### PROBLEM TO SOLVE
Those lines of the material below that fall between its first line and the line with "l2 \<Longrightarrow> summable", both included, are to be repeated exactly.

### MATERIAL FOR THIS EXERCISE
_ _ _ _ _ _ _

(*
  Every operator in A_0 is block diagonal with 2 x 2 blocks T_n acting on H_n, and so is the
  commutator C = ST - TS, whose blocks are the commutators of the blocks of S and T. A bounded
  block-diagonal operator is compact as soon as its blocks tend to 0, because then its tails
  are uniformly small. Fix X in the family. On the blocks H_n with n in X, S = D + R and
  T = D' + R' with D, D' diagonal in the common orthonormal basis f_{alpha,2n}, f_{alpha,2n+1},
  so that D_n D'_n = D'_n D_n, and with R, R' compact, so that their blocks tend to 0. As all
  blocks are uniformly bounded, C_n tends to 0 along X. Finally, wideness turns convergence
  along every member of the family into convergence: the set of n with |C_n| >= eps, if
  infinite, would meet some member of the family in an infinite set.
*)

theory Submission
  imports Defs
begin

type_synonym operator = "(nat \<Rightarrow> complex) \<Rightarrow> (nat \<Rightarrow> complex)"

section \<open>The sequence space l2\<close>

lemma l2D: "x \<in> l2 \<Longrightarrow> summable (\<lambda>n. (cmod (x n))\<^sup>2)"
  by (simp add: l2_def)

lemma l2norm_nonneg: "x \<in> l2 \<Longrightarrow> 0 \<le> l2norm x"
  unfolding l2norm_def by (simp add: l2_def suminf_nonneg)

lemma l2norm_sq: "x \<in> l2 \<Longrightarrow> (l2norm x)\<^sup>2 = (\<Sum>n. (cmod (x n))\<^sup>2)"
  unfolding l2norm_def by (simp add: l2_def suminf_nonneg)

lemma sum_cmod_sq_le_l2norm_sq:
  assumes "x \<in> l2" "finite F"
  shows "(\<Sum>m\<in>F. (cmod (x m))\<^sup>2) \<le> (l2norm x)\<^sup>2"
  unfolding l2norm_sq[OF assms(1)] using assms l2D by (intro sum_le_suminf) auto

lemma cmod_le_l2norm:
  assumes "x \<in> l2"
  shows "cmod (x m) \<le> l2norm x"
proof (rule power2_le_imp_le)
  show "(cmod (x m))\<^sup>2 \<le> (l2norm x)\<^sup>2"
    using sum_cmod_sq_le_l2norm_sq[OF assms, of "{m}"] by simp
qed (rule l2norm_nonneg[OF assms])

lemma l2I_partial_sums_bounded:
  assumes "\<And>M. (\<Sum>m<M. (cmod (x m))\<^sup>2) \<le> K"
  shows "x \<in> l2"
  unfolding l2_def mem_Collect_eq by (auto intro!: summableI_nonneg_bounded[where x = K] assms)

lemma l2norm_sq_le_of_partial_sums:
  assumes "\<And>M. (\<Sum>m<M. (cmod (x m))\<^sup>2) \<le> K"
  shows "(l2norm x)\<^sup>2 \<le> K"
  using l2I_partial_sums_bounded[OF assms] unfolding l2norm_sq[OF l2I_partial_sums_bounded[OF assms]]
  by (intro suminf_le_const) (auto intro: assms l2D)

lemma cmod_add_sq_le: "(cmod (a + b))\<^sup>2 \<le> 2 * (cmod a)\<^sup>2 + 2 * (cmod b)\<^sup>2"
proof -
  have "(cmod (a + b))\<^sup>2 \<le> (cmod a + cmod b)\<^sup>2"
    by (simp add: power_mono norm_triangle_ineq)
  also have "\<dots> \<le> 2 * (cmod a)\<^sup>2 + 2 * (cmod b)\<^sup>2"
    using zero_le_power2[of "cmod a - cmod b"] by (simp add: power2_eq_square algebra_simps)
  finally show ?thesis .
qed

lemma cmod_diff_sq_le: "(cmod (a - b))\<^sup>2 \<le> 2 * (cmod a)\<^sup>2 + 2 * (cmod b)\<^sup>2"
  using cmod_add_sq_le[of a "- b"] by simp

lemma l2_diff:
  assumes "x \<in> l2" "y \<in> l2"
  shows "(\<lambda>n. x n - y n) \<in> l2"
  unfolding l2_def mem_Collect_eq
proof (rule summable_comparison_test)
  show "summable (\<lambda>n. 2 * (cmod (x n))\<^sup>2 + 2 * (cmod (y n))\<^sup>2)"
    using assms by (intro summable_add summable_mult l2D)
qed (use cmod_diff_sq_le in auto)

lemma l2_scale: "x \<in> l2 \<Longrightarrow> (\<lambda>n. c * x n) \<in> l2"
  using summable_mult[OF l2D, of x "(cmod c)\<^sup>2"]
  by (simp add: l2_def norm_mult power_mult_distrib)

lemma l2_restrict:
  assumes "x \<in> l2"
  shows "(\<lambda>k. if P k then x k else 0) \<in> l2"
  unfolding l2_def mem_Collect_eq by (rule summable_comparison_test[OF _ l2D[OF assms]]) auto

lemma l2norm_diff_sq_le:
  assumes "x \<in> l2" "y \<in> l2"
  shows "(l2norm (\<lambda>n. x n - y n))\<^sup>2 \<le> 2 * (l2norm x)\<^sup>2 + 2 * (l2norm y)\<^sup>2"
proof (rule l2norm_sq_le_of_partial_sums)
  fix M
  have "(\<Sum>m<M. (cmod (x m - y m))\<^sup>2) \<le> (\<Sum>m<M. 2 * (cmod (x m))\<^sup>2 + 2 * (cmod (y m))\<^sup>2)"
    by (intro sum_mono cmod_diff_sq_le)
  also have "\<dots> \<le> 2 * (l2norm x)\<^sup>2 + 2 * (l2norm y)\<^sup>2"
    using sum_cmod_sq_le_l2norm_sq[OF assms(1), of "{..<M}"] sum_cmod_sq_le_l2norm_sq[OF assms(2), of "{..<M}"]
    by (simp add: sum.distrib flip: sum_distrib_left)
  finally show "(\<Sum>m<M. (cmod (x m - y m))\<^sup>2) \<le> 2 * (l2norm x)\<^sup>2 + 2 * (l2norm y)\<^sup>2" .
qed

lemma ebasis_cmod_sq: "(\<lambda>n. (cmod (ebasis k n))\<^sup>2) = (\<lambda>n. if n = k then 1 else 0)"
  by (auto simp: ebasis_def)

lemma ebasis_l2: "ebasis k \<in> l2"
  unfolding l2_def mem_Collect_eq ebasis_cmod_sq using sums_single[of k "\<lambda>_. 1::real"] sums_summable by auto

lemma l2norm_ebasis: "l2norm (ebasis k) = 1"
  unfolding l2norm_def ebasis_cmod_sq using sums_single[of k "\<lambda>_. 1::real"] sums_unique by fastforce

lemma l2norm_tail_tendsto_zero:
  assumes "x \<in> l2"
  shows "(\<lambda>N. l2norm (\<lambda>k. if k < N then 0 else x k)) \<longlonglongrightarrow> 0"
proof -
  define f where "f = (\<lambda>n. (cmod (x n))\<^sup>2)"
  have f: "summable f" using l2D[OF assms] by (simp add: f_def)
  have "l2norm (\<lambda>k. if k < N then 0 else x k) = sqrt (suminf f - (\<Sum>k<N. f k))" for N
  proof -
    have fin: "(\<lambda>k. if k \<in> {..<N} then f k else 0) sums (\<Sum>k<N. f k)"
      by (rule sums_If_finite_set) simp
    have "(\<lambda>k. (cmod (if k < N then 0 else x k))\<^sup>2) = (\<lambda>k. f k - (if k \<in> {..<N} then f k else 0))"
      by (auto simp: f_def)
    then show ?thesis
      unfolding l2norm_def using suminf_diff[OF f sums_summable[OF fin]] sums_unique[OF fin] by simp
  qed
  moreover have "(\<lambda>N. sqrt (suminf f - (\<Sum>k<N. f k))) \<longlonglongrightarrow> sqrt (suminf f - suminf f)"
    by (intro tendsto_intros summable_LIMSEQ f)
  ultimately show ?thesis by simp
qed

section \<open>Bounded operators\<close>

lemma bounded_op_l2: "bounded_op T \<Longrightarrow> x \<in> l2 \<Longrightarrow> T x \<in> l2"
  unfolding bounded_op_def by blast

lemma bounded_op_add:
  "bounded_op T \<Longrightarrow> x \<in> l2 \<Longrightarrow> y \<in> l2 \<Longrightarrow> T (\<lambda>n. x n + y n) = (\<lambda>n. T x n + T y n)"
  unfolding bounded_op_def by blast

lemma bounded_op_scale: "bounded_op T \<Longrightarrow> x \<in> l2 \<Longrightarrow> T (\<lambda>n. c * x n) = (\<lambda>n. c * T x n)"
  unfolding bounded_op_def by blast

lemma bounded_op_bound:
  assumes "bounded_op T"
  obtains C where "C \<ge> 0" "\<And>x. x \<in> l2 \<Longrightarrow> l2norm (T x) \<le> C * l2norm x"
proof -
  obtain C where C: "\<forall>x\<in>l2. l2norm (T x) \<le> C * l2norm x"
    using assms unfolding bounded_op_def by blast
  have "l2norm (T x) \<le> max C 0 * l2norm x" if "x \<in> l2" for x
    using C that mult_right_mono[OF max.cobounded1 l2norm_nonneg[OF that], of C 0] by force
  then show thesis using that[of "max C 0"] by simp
qed

lemma bounded_op_comp:
  assumes S: "bounded_op S" and T: "bounded_op T"
  shows "bounded_op (\<lambda>x. S (T x))"
proof -
  obtain CS where CS: "CS \<ge> 0" "\<And>x. x \<in> l2 \<Longrightarrow> l2norm (S x) \<le> CS * l2norm x"
    using bounded_op_bound[OF S] by blast
  obtain CT where CT: "\<And>x. x \<in> l2 \<Longrightarrow> l2norm (T x) \<le> CT * l2norm x"
    using bounded_op_bound[OF T] by blast
  have "l2norm (S (T x)) \<le> (CS * CT) * l2norm x" if "x \<in> l2" for x
  proof -
    have "l2norm (S (T x)) \<le> CS * l2norm (T x)" using CS(2) bounded_op_l2[OF T that] .
    also have "\<dots> \<le> CS * (CT * l2norm x)" by (rule mult_left_mono[OF CT[OF that] CS(1)])
    finally show ?thesis by simp
  qed
  then show ?thesis
    using S T unfolding bounded_op_def by (auto simp: bounded_op_l2 bounded_op_add bounded_op_scale)
qed

lemma bounded_op_diff:
  assumes S: "bounded_op S" and T: "bounded_op T"
  shows "bounded_op (\<lambda>x n. S x n - T x n)"
proof -
  obtain CS where CS: "CS \<ge> 0" "\<And>x. x \<in> l2 \<Longrightarrow> l2norm (S x) \<le> CS * l2norm x"
    using bounded_op_bound[OF S] by blast
  obtain CT where CT: "CT \<ge> 0" "\<And>x. x \<in> l2 \<Longrightarrow> l2norm (T x) \<le> CT * l2norm x"
    using bounded_op_bound[OF T] by blast
  have bound: "l2norm (\<lambda>n. S x n - T x n) \<le> (2 * (CS + CT)) * l2norm x" if x: "x \<in> l2" for x
  proof (rule power2_le_imp_le)
    have Sx: "S x \<in> l2" and Tx: "T x \<in> l2" using S T x by (simp_all add: bounded_op_l2)
    have "(l2norm (\<lambda>n. S x n - T x n))\<^sup>2 \<le> 2 * (l2norm (S x))\<^sup>2 + 2 * (l2norm (T x))\<^sup>2"
      using l2norm_diff_sq_le[OF Sx Tx] .
    also have "\<dots> \<le> 2 * (CS * l2norm x)\<^sup>2 + 2 * (CT * l2norm x)\<^sup>2"
      using CS CT x Sx Tx by (intro add_mono mult_left_mono power_mono) (auto simp: l2norm_nonneg)
    also have "\<dots> \<le> ((2 * (CS + CT)) * l2norm x)\<^sup>2"
      using CS(1) CT(1) l2norm_nonneg[OF x] by (simp add: power2_eq_square algebra_simps)
    finally show "(l2norm (\<lambda>n. S x n - T x n))\<^sup>2 \<le> ((2 * (CS + CT)) * l2norm x)\<^sup>2" .
  qed (use CS(1) CT(1) l2norm_nonneg[OF x] in simp)
  have "\<forall>x\<in>l2. l2norm (\<lambda>n. S x n - T x n) \<le> (2 * (CS + CT)) * l2norm x"
    using bound by blast
  then show ?thesis
    using S T unfolding bounded_op_def
    by (auto simp: bounded_op_l2 bounded_op_add bounded_op_scale l2_diff right_diff_distrib)
qed

lemma bounded_op_entry_bound:
  assumes "bounded_op T"
  obtains B where "\<And>k m. cmod (T (ebasis k) m) \<le> B"
proof -
  obtain C where C: "\<And>x. x \<in> l2 \<Longrightarrow> l2norm (T x) \<le> C * l2norm x"
    using bounded_op_bound[OF assms] by blast
  have "cmod (T (ebasis k) m) \<le> C" for k m
    by (rule order_trans[OF cmod_le_l2norm[OF bounded_op_l2[OF assms ebasis_l2]]])
      (use C[OF ebasis_l2] in \<open>simp add: l2norm_ebasis\<close>)
  then show thesis by (rule that)
qed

_ _ _ _ _ _ _

### PROBLEM SOLUTION
(*
  Every operator in A_0 is block diagonal with 2 x 2 blocks T_n acting on H_n, and so is the
  commutator C = ST - TS, whose blocks are the commutators of the blocks of S and T. A bounded
  block-diagonal operator is compact as soon as its blocks tend to 0, because then its tails
  are uniformly small. Fix X in the family. On the blocks H_n with n in X, S = D + R and
  T = D' + R' with D, D' diagonal in the common orthonormal basis f_{alpha,2n}, f_{alpha,2n+1},
  so that D_n D'_n = D'_n D_n, and with R, R' compact, so that their blocks tend to 0. As all
  blocks are uniformly bounded, C_n tends to 0 along X. Finally, wideness turns convergence
  along every member of the family into convergence: the set of n with |C_n| >= eps, if
  infinite, would meet some member of the family in an infinite set.
*)

theory Submission
  imports Defs
begin

type_synonym operator = "(nat \<Rightarrow> complex) \<Rightarrow> (nat \<Rightarrow> complex)"

section \<open>The sequence space l2\<close>

lemma l2D: "x \<in> l2 \<Longrightarrow> summable (\<lambda>n. (cmod (x n))\<^sup>2)"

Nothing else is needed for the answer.